NASA Science News | Science@NASA | 2014 Dec 31
A new NASA-led study shows that tropical forests may be absorbing far more carbon dioxide than many scientists thought, in response to rising atmospheric levels of the greenhouse gas. The study estimates that tropical forests absorb 1.4 billion metric tons of carbon dioxide out of a total global absorption of 2.5 billion -- more than is absorbed by forests in Canada, Siberia and other northern regions, called boreal forests.

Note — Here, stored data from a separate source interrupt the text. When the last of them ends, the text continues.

lemma coeff_nonpos_below_if_linear_factor:
  fixes g :: "'a::linordered_idom poly"
  assumes a: "0 < a" and low: "\<And>k. k < n \<Longrightarrow> 0 \<le> coeff ([:-a, 1:] * g) k"
  shows "k < n \<Longrightarrow> coeff g k \<le> 0"
proof (induction k)
  case 0
  then show ?case using low[of 0] a by (simp add: coeff_linear_factor_mult mult_le_0_iff)
next
  case (Suc k)
  then have "a * coeff g (Suc k) \<le> 0"
    using low[of "Suc k"] by (simp add: coeff_linear_factor_mult)
  then show ?case using a by (simp add: mult_le_0_iff)
qed

lemma coeff_nonneg_above_if_linear_factor:
  fixes g :: "'a::linordered_idom poly"
  assumes a: "0 \<le> a" and high: "\<And>k. n < k \<Longrightarrow> 0 \<le> coeff ([:-a, 1:] * g) k"
  shows "n \<le> k \<Longrightarrow> 0 \<le> coeff g k"
proof (induction "Suc (degree g) - k" arbitrary: k)
  case 0
  then show ?case by (simp add: coeff_eq_0)
next
  case (Suc d)
  then have "0 \<le> coeff g (Suc k)" "a * coeff g (Suc k) \<le> coeff g k"
    using high[of "Suc k"] by (simp_all add: coeff_linear_factor_mult)
  then show ?case using a by (meson order_trans zero_le_mult_iff)
qed

definition ones_block :: "nat \<Rightarrow> nat \<Rightarrow> 'a::comm_semiring_1 poly" where
  "ones_block n j = (\<Sum>i\<in>{n - j..<n}. monom 1 i)"

lemma coeff_ones_block:
  "coeff (ones_block n j) k = (if n - j \<le> k \<and> k < n then 1 else 0)"
  by (simp add: ones_block_def coeff_sum)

"This is good news, because uptake in boreal forests is already slowing, while tropical forests may continue to take up carbon for many years," said David Schimel of NASA's Jet Propulsion Laboratory, Pasadena, California. Schimel is lead author of a paper on the new research, appearing online in the Proceedings of the National Academy of Sciences.
Forests and other land vegetation currently remove up to 30 percent of human carbon dioxide emissions from the atmosphere during photosynthesis. If the rate of absorption were to slow down, the rate of global warming would speed up in return.
The new study is the first to devise a way to make apples-to-apples comparisons of carbon dioxide estimates from many sources at different scales: computer models of ecosystem processes, atmospheric models run backward in time to deduce the sources of today's concentrations (called inverse models), satellite images, data from experimental forest plots and more. The researchers reconciled all types of analyses and assessed the accuracy of the results based on how well they reproduced independent, ground-based measurements. They obtained their new estimate of the tropical carbon absorption from the models they determined to be the most trusted and verified. ...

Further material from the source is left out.